- **TASK OBJECTIVE**
Write out again only the lines that run from the start of the entries to the line containing "T) = grade_involution", both included.
(RECORDS SHOWN Opens)
lemma cl_par_inverse:
  assumes "k < 2" "T \<in> cl_par n k" "Ti \<in> cl_carrier n" "T \<cdot> Ti = cl_one" "Ti \<cdot> T = cl_one"
  shows "Ti \<in> cl_par n k"
proof -
  let ?s = "(-1::'a) ^ k"
  have "?s * ?s = 1"
    by (simp flip: power_mult_distrib)
  then have "cl_inv n sig (grade_involution T) = cl_scale ?s Ti"
    using assms by (intro cl_inv_eqI) (simp_all add: cl_par_iff_grade_involution cl_mult_linear)
  moreover have "cl_inv n sig (grade_involution T) = grade_involution Ti"
    using assms(3-5) by (intro cl_inv_eqI) (simp_all flip: grade_involution_mult)
  ultimately show ?thesis
    using assms by (simp add: cl_par_iff_grade_involution)
qed

lemma cl_par_conjugate:
  assumes "j < 2" "k < 2" "T \<in> cl_par n k" "Ti \<in> cl_par n k" "X \<in> cl_par n j"
  shows "T \<cdot> X \<cdot> Ti \<in> cl_par n j"
proof -
  have sign: "(-1::'a) ^ k * ((-1) ^ j * (-1) ^ k) = (-1) ^ j"
    by (simp add: mult.left_commute flip: power_mult_distrib)
  show ?thesis
    using assms by (simp add: cl_par_iff_grade_involution grade_involution_mult cl_mult_linear sign)
qed

lemma P_subset_Gamma:
  assumes "j < 2"
  shows "cl_P n sig \<subseteq> cl_Gamma n sig j"
proof
  fix T
  assume "T \<in> cl_P n sig"
  then obtain W T' k where T: "T = W \<cdot> T'" and k: "k < 2"
    and W: "W \<in> cl_units n sig (cl_center n sig)" and T': "T' \<in> cl_units n sig (cl_par n k)"
    unfolding cl_P_def by (auto; metis less_2_cases_iff)
  obtain Wi where Wi: "Wi \<in> cl_carrier n" "W \<cdot> Wi = cl_one" "Wi \<cdot> W = cl_one"
    and W_comm: "\<And>y. y \<in> cl_carrier n \<Longrightarrow> W \<cdot> y = y \<cdot> W"
    using W by (auto simp: cl_units_def cl_center_def)
  obtain T'i where T'i: "T'i \<in> cl_carrier n" "T' \<cdot> T'i = cl_one" "T'i \<cdot> T' = cl_one"
    and T'_par: "T' \<in> cl_par n k"
    using T' by (auto simp: cl_units_def)
  have T'_carrier: "T' \<in> cl_carrier n"
    using T'_par by (rule cl_par_carrier)
  have inv: "T \<cdot> (T'i \<cdot> Wi) = cl_one" "(T'i \<cdot> Wi) \<cdot> T = cl_one"
    using Wi T'i T'_carrier by (metis T cl_mult_assoc cl_mult_one_left)+
  have "T \<cdot> X \<cdot> cl_inv n sig T \<in> cl_par n j" if X: "X \<in> cl_par n j" for X
  proof -
    have "T \<cdot> X \<cdot> cl_inv n sig T = W \<cdot> (T' \<cdot> X \<cdot> T'i) \<cdot> Wi"
      using cl_inv_eqI[OF _ inv] by (simp add: T cl_mult_assoc)
    also have "\<dots> = T' \<cdot> X \<cdot> T'i"
      using W_comm Wi T'i(1) by (simp add: cl_mult_assoc)
    finally show ?thesis
      using cl_par_conjugate[OF assms k T'_par cl_par_inverse[OF k T'_par T'i] X] by simp
  qed
  moreover have "T \<in> units"
    using inv by (intro cl_unitsI) (simp_all add: T)
  ultimately show "T \<in> cl_Gamma n sig j"
    by (simp add: cl_Gamma_def)
qed

lemma Gamma_subset_par_units_even:
  assumes "even n" "n \<ge> 1" "j < 2"
  shows "cl_Gamma n sig j \<subseteq> cl_units n sig (cl_par n 0) \<union> cl_units n sig (cl_par n 1)"
proof
  fix T
  assume T: "T \<in> cl_Gamma n sig j"
  then have "T \<in> units"
    by (simp add: cl_Gamma_def)
  moreover obtain l m where "grade_involution T = T \<cdot> (cl_scale l cl_one + cl_scale m \<omega>)"
    using Gamma_twist[OF T assms(3,2)] .
  ultimately have "T \<in> cl_par n 0 \<union> cl_par n 1"
    using twisted_unit_even assms(1,2) by blast
  with \<open>T \<in> units\<close> show "T \<in> cl_units n sig (cl_par n 0) \<union> cl_units n sig (cl_par n 1)"
    by (auto simp: cl_units_def)
qed

lemma Gamma_subset_central_par_units_odd:
  assumes "odd n" "j < 2"
  shows "cl_Gamma n sig j \<subseteq> {W \<cdot> T | W T.
           W \<in> cl_units n sig (cl_center n sig) \<and> T \<in> cl_units n sig (cl_par n 0)}"
proof
  fix T
  assume T: "T \<in> cl_Gamma n sig j"
  then have unit: "T \<in> units"
    by (simp add: cl_Gamma_def)
  have "n \<ge> 1"
    using \<open>odd n\<close> by (cases n) auto
  obtain l m where "grade_involution T = T \<cdot> (cl_scale l cl_one + cl_scale m \<omega>)"
    using Gamma_twist[OF T \<open>j < 2\<close> \<open>n \<ge> 1\<close>] .
  moreover have "T \<in> cl_carrier n"
    using unit by (simp add: cl_units_def)
  ultimately obtain W T0 where W: "W \<in> cl_center n sig" and T0: "T0 \<in> cl_par n 0"
    and factor: "T = W \<cdot> T0"
    using twisted_odd[OF \<open>odd n\<close>] by blast
  then have "W \<in> cl_units n sig (cl_center n sig)" "T0 \<in> cl_units n sig (cl_par n 0)"
    using unit_central_factors[OF W cl_par_carrier[OF T0]] unit by (auto simp: cl_units_def)
  with factor show "T \<in> {W \<cdot> T | W T.
           W \<in> cl_units n sig (cl_center n sig) \<and> T \<in> cl_units n sig (cl_par n 0)}"
    by blast
qed

lemma cl_one_central_unit: "cl_one \<in> cl_units n sig (cl_center n sig)"
  by (intro cl_unitsI[where y = cl_one] cl_centerI) simp_all

lemma cl_thm_concl_holds:
  assumes "n \<ge> 1"
  shows "cl_thm_concl n sig"
proof -
  define Q where "Q = (if even n then cl_units n sig (cl_par n 0) \<union> cl_units n sig (cl_par n 1)
    else {W \<cdot> T | W T. W \<in> cl_units n sig (cl_center n sig) \<and> T \<in> cl_units n sig (cl_par n 0)})"
  have Gamma_Q: "cl_Gamma n sig j \<subseteq> Q" if "j < 2" for j
    using Gamma_subset_par_units_even[OF _ assms that] Gamma_subset_central_par_units_odd[OF _ that]
    by (simp add: Q_def)
  have Q_P: "Q \<subseteq> cl_P n sig"
  proof
    fix T
    assume "T \<in> Q"
    moreover have "T = cl_one \<cdot> T" if "T \<in> cl_units n sig (cl_par n k)" for k
      using that by (auto simp: cl_units_def dest: cl_par_carrier)
    ultimately show "T \<in> cl_P n sig"
      using cl_one_central_unit unfolding Q_def cl_P_def by (auto split: if_splits)
  qed
  have "cl_P n sig = cl_Gamma n sig 0" "cl_P n sig = cl_Gamma n sig 1" and P_Q: "cl_P n sig = Q"
    using Gamma_Q[of 0] Gamma_Q[of 1] Q_P P_subset_Gamma[of 0] P_subset_Gamma[of 1] by auto
  then show ?thesis
    unfolding cl_thm_concl_def by (intro conjI impI) (simp_all only: P_Q Q_def if_True if_False)
qed

end

lemma clifford_sig_pq: "clifford (sig_pq p)"
  by unfold_locales (simp add: sig_pq_def)

lemma clifford_complex: "clifford (\<lambda>_. 1 :: complex)"
  by unfold_locales simp

theorem mainTheorem4:
  fixes n :: nat
  assumes "n \<ge> 2"
  shows "(\<forall>p q. p + q = n \<longrightarrow> cl_thm_concl n (sig_pq p))
       \<and> cl_thm_concl n (\<lambda>_. (1::complex))"
  using clifford.cl_thm_concl_holds[OF clifford_sig_pq] clifford.cl_thm_concl_holds[OF clifford_complex]
    assms by simp

end
(* Let $A$ be a finitely generated abelian group with a finite generating subset $S$. There exists a constant $C>0$ such that for every subgroup $H\le A$, $\det(H)\le C(\|H\|_S)^{\mathrm{rank}_{\mathbb{Z}}(H)}$.
   Context: $\|\cdot\|_S$ is word length; for a subgroup $H$, $\|H\|_S=\min\{\max_{h\in X}\|h\|_S: X\text{ a finite generating subset of }H\}$. $\sqrt[A]{H}=\{a\in A:a^m\in H\text{ for some } m\ge1\}$ and $\det(H)=[\sqrt[A]{H}:H]$. $\mathrm{rank}_{\mathbb{Z}}$ is torsion-free rank. *)

theory Defs
  imports Complex_Main
begin

text \<open>The ambient finitely generated abelian group A is the whole type 'a::ab_group_add.\<close>

definition subgrp :: "'a::ab_group_add set \<Rightarrow> bool" where
  "subgrp H \<longleftrightarrow> 0 \<in> H \<and> (\<forall>x\<in>H. \<forall>y\<in>H. x + y \<in> H) \<and> (\<forall>x\<in>H. - x \<in> H)"

definition gen :: "'a::ab_group_add set \<Rightarrow> 'a set" where
  "gen X = \<Inter> {H. subgrp H \<and> X \<subseteq> H}"

primrec nsmul :: "nat \<Rightarrow> 'a::ab_group_add \<Rightarrow> 'a" where
  "nsmul 0 a = 0"
| "nsmul (Suc n) a = a + nsmul n a"

definition zsmul :: "int \<Rightarrow> 'a::ab_group_add \<Rightarrow> 'a" where
  "zsmul k a = (if 0 \<le> k then nsmul (nat k) a else - nsmul (nat (- k)) a)"

definition wordlen :: "'a::ab_group_add set \<Rightarrow> 'a \<Rightarrow> nat" where
  "wordlen S a = (LEAST n. \<exists>xs. length xs = n \<and> set xs \<subseteq> S \<union> uminus ` S \<and> sum_list xs = a)"

text \<open>||H||_S: minimum over finite generating sets X of H of the maximal word length in X
  (the maximum over the empty set being 0).\<close>
definition subgrp_norm :: "'a::ab_group_add set \<Rightarrow> 'a set \<Rightarrow> nat" where
  "subgrp_norm S H = (LEAST m. \<exists>X. finite X \<and> gen X = H \<and> (\<forall>h\<in>X. wordlen S h \<le> m))"

definition isolator :: "'a::ab_group_add set \<Rightarrow> 'a set" where
  "isolator H = {a. \<exists>m::nat. m \<ge> 1 \<and> nsmul m a \<in> H}"

definition index :: "'a::ab_group_add set \<Rightarrow> 'a set \<Rightarrow> nat" where
  "index K H = card {(\<lambda>h. a + h) ` H | a. a \<in> K}"

definition det_sub :: "'a::ab_group_add set \<Rightarrow> nat" where
  "det_sub H = index (isolator H) H"

definition Z_indep :: "'a::ab_group_add set \<Rightarrow> bool" where
  "Z_indep X \<longleftrightarrow> finite X \<and>
     (\<forall>c::'a \<Rightarrow> int. (\<Sum>x\<in>X. zsmul (c x) x) = 0 \<longrightarrow> (\<forall>x\<in>X. c x = 0))"

definition rankZ :: "'a::ab_group_add set \<Rightarrow> nat" where
  "rankZ H = Sup {card X | X. X \<subseteq> H \<and> Z_indep X}"

end

theory Submission
  imports Defs "HOL-Library.FuncSet"
begin

text \<open>Choose a maximal independent subset E of S and M \<ge> 1 with M a \<in> \<langle>E\<rangle> for all a. The
  E-coordinates of M a define a homomorphism A \<rightarrow> \<int>^E whose kernel is the (finite) torsion
  subgroup T, and the l1-norm of these coordinates is at most a constant times the word length.
  Given H generated by elements of length at most n, let Y be a maximal independent subset of
  these generators; then |Y| \<le> rank H and the isolator of H lies in the isolator of \<langle>Y\<rangle>, where
  every element has rational Y-coordinates. Two such elements whose fractional Y-coordinates fall
  into the same cell of a grid of mesh 1/(|Y| B), with B of order n, differ modulo \<langle>Y\<rangle> by an
  element of norm less than 1, i.e. by torsion, because non-torsion elements have norm at least 1.
  Hence det H \<le> [sqrt H : \<langle>Y\<rangle>] \<le> |T| (|Y| B)^|Y|.\<close>

section \<open>Integer multiples\<close>

lemma nsmul_add_left: "nsmul (m + n) a = nsmul m a + nsmul n a"
  by (induction m) (auto simp: algebra_simps)

lemma nsmul_add_right: "nsmul n (a + b) = nsmul n a + nsmul n b"
  by (induction n) (auto simp: algebra_simps)

lemma nsmul_zero_right [simp]: "nsmul n (0::'a::ab_group_add) = 0"
  by (induction n) auto

lemma nsmul_minus_right: "nsmul n (- a) = - nsmul n a"
  by (induction n) (auto simp: algebra_simps)

lemma nsmul_mult: "nsmul (m * n) a = nsmul m (nsmul n a)"
  by (induction m) (auto simp: nsmul_add_left nsmul_add_right)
(RECORDS SHOWN Closes)
- **WRITTEN RESPONSE**
lemma cl_par_inverse:
  assumes "k < 2" "T \<in> cl_par n k" "Ti \<in> cl_carrier n" "T \<cdot> Ti = cl_one" "Ti \<cdot> T = cl_one"
  shows "Ti \<in> cl_par n k"
proof -
  let ?s = "(-1::'a) ^ k"
  have "?s * ?s = 1"
    by (simp flip: power_mult_distrib)
  then have "cl_inv n sig (grade_involution T) = cl_scale ?s Ti"
    using assms by (intro cl_inv_eqI) (simp_all add: cl_par_iff_grade_involution cl_mult_linear)
  moreover have "cl_inv n sig (grade_involution T) = grade_involution Ti"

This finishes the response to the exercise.